Stored items from a collection
[Start of Attachment]
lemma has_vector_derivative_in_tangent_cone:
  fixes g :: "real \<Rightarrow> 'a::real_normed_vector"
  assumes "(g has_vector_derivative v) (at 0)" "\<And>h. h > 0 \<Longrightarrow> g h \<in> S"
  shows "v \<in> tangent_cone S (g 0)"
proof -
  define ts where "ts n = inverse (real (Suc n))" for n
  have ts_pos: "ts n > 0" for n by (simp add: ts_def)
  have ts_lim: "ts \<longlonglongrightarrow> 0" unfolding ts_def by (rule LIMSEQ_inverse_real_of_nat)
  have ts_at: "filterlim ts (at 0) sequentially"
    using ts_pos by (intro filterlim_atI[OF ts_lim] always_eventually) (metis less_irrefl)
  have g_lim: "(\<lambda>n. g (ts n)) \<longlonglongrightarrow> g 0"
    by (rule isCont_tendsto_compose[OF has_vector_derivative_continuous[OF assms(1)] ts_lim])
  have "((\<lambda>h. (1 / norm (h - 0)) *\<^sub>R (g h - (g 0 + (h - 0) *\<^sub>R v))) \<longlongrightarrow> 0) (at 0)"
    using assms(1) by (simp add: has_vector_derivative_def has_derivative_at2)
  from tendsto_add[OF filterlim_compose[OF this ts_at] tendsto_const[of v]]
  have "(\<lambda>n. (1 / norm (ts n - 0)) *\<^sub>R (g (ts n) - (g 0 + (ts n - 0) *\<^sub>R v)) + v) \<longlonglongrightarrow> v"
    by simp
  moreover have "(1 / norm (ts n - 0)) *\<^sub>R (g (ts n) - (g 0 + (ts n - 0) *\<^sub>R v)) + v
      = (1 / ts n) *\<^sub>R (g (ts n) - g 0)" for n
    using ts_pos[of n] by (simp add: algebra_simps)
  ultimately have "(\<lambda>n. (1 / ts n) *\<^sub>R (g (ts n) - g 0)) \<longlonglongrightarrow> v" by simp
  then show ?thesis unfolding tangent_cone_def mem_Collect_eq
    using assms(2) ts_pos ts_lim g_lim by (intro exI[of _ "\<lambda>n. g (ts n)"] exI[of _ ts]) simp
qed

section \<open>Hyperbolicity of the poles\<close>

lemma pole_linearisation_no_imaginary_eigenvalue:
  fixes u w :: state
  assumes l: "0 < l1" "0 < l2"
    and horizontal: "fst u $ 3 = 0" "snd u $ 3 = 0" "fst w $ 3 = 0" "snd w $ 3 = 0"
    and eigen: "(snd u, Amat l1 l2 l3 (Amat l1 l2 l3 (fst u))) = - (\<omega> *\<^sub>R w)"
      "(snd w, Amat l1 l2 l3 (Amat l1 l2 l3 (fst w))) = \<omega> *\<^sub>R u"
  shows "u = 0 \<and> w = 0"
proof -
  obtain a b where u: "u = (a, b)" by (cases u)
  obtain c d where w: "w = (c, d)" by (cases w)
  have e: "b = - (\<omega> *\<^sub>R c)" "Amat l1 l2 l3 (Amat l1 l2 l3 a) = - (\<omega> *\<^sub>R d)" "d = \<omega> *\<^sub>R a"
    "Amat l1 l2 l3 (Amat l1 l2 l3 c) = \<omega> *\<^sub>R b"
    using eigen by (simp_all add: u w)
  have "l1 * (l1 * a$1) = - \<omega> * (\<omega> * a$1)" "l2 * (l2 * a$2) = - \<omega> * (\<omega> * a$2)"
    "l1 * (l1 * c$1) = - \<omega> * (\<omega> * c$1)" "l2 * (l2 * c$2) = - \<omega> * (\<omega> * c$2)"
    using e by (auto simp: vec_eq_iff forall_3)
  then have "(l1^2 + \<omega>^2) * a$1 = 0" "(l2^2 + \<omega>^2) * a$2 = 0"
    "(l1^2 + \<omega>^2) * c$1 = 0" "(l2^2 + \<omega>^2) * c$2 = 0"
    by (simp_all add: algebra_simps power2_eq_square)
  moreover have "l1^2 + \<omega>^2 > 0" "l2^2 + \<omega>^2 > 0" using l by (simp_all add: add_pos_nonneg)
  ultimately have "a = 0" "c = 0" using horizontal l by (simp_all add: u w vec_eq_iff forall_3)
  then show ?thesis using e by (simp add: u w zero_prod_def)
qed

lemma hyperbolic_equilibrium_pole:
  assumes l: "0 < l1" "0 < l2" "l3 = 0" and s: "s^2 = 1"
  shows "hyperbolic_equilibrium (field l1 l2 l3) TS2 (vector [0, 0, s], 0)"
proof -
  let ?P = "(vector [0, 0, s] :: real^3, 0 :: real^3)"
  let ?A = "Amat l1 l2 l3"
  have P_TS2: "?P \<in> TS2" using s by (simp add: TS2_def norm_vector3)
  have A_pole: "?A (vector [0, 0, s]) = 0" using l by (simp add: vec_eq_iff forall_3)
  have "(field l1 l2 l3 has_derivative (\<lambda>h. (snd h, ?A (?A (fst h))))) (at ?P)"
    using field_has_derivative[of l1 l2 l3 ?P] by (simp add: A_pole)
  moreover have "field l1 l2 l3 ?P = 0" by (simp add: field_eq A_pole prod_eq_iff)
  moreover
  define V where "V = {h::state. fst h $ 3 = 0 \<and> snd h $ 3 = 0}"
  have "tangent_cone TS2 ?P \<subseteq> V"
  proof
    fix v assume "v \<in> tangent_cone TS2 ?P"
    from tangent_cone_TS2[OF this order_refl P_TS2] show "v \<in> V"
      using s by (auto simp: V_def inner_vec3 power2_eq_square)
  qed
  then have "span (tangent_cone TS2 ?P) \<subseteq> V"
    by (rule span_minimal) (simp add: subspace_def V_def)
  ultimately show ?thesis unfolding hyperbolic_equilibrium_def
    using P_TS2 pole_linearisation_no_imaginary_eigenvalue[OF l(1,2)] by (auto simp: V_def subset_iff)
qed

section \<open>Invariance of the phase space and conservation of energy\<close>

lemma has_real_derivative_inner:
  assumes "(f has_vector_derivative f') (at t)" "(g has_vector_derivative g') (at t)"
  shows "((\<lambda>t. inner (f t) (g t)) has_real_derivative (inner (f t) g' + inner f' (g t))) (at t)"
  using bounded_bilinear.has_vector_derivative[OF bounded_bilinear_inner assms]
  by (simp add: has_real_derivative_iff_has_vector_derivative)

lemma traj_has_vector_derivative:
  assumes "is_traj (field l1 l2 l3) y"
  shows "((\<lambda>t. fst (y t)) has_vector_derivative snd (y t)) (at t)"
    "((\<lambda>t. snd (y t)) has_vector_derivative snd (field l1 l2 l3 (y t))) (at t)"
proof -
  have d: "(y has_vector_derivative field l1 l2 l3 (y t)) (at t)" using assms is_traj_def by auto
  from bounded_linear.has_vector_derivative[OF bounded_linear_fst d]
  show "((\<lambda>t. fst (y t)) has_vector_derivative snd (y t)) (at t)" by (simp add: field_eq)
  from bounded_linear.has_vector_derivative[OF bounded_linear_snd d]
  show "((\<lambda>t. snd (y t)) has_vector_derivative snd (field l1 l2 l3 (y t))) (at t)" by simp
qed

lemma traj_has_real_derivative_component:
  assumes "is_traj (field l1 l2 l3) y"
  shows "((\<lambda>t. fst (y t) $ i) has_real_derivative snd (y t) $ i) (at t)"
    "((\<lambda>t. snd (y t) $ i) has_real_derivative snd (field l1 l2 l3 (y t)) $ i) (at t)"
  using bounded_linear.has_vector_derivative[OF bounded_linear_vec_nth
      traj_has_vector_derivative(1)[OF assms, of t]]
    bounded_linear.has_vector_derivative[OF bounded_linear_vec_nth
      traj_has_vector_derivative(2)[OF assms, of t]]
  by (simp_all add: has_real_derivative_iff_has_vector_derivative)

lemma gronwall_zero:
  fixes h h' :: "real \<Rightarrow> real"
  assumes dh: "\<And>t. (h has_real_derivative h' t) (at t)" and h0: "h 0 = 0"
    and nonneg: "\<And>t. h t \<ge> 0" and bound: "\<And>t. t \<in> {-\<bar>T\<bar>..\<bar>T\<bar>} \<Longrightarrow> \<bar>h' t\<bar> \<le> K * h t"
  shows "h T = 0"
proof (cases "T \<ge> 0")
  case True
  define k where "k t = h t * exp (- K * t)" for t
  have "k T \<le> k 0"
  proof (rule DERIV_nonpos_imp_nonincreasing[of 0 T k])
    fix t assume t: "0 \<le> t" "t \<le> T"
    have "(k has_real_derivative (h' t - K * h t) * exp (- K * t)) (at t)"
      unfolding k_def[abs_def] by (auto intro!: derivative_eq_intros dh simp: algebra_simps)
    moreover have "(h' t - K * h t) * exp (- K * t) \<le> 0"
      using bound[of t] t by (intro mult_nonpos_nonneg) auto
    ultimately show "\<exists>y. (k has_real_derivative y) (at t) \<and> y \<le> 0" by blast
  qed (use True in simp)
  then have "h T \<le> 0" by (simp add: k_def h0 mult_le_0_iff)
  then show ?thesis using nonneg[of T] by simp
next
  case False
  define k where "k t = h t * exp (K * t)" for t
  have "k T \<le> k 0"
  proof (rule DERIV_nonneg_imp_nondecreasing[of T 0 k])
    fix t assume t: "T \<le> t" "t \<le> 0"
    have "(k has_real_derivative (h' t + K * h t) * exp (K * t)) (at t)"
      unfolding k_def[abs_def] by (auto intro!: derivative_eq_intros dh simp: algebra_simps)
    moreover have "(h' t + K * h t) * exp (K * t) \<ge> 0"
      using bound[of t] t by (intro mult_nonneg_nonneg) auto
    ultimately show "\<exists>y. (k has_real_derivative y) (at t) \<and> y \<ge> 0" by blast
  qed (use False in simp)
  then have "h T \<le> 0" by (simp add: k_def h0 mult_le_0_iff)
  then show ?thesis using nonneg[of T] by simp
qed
[End of Attachment]
Exercise goal -
Print again the lines of the entries above that fall between the line holding "by (rule isCont_tendsto_compose[OF" and the line holding "v)) + v) \<longlonglongrightarrow>", inclusive, exactly as they stand.

Result -
    by (rule isCont_tendsto_compose[OF has_vector_derivative_continuous[OF assms(1)] ts_lim])
  have "((\<lambda>h. (1 / norm (h - 0)) *\<^sub>R (g h - (g 0 + (h - 0) *\<^sub>R v))) \<longlongrightarrow> 0) (at 0)"
    using assms(1) by (simp add: has_vector_derivative_def has_derivative_at2)
  from tendsto_add[OF filterlim_compose[OF this ts_at] tendsto_const[of v]]
  have "(\<lambda>n. (1 / norm (ts n - 0)) *\<^sub>R (g (ts n) - (g 0 + (ts n - 0) *\<^sub>R v)) + v) \<longlonglongrightarrow> v"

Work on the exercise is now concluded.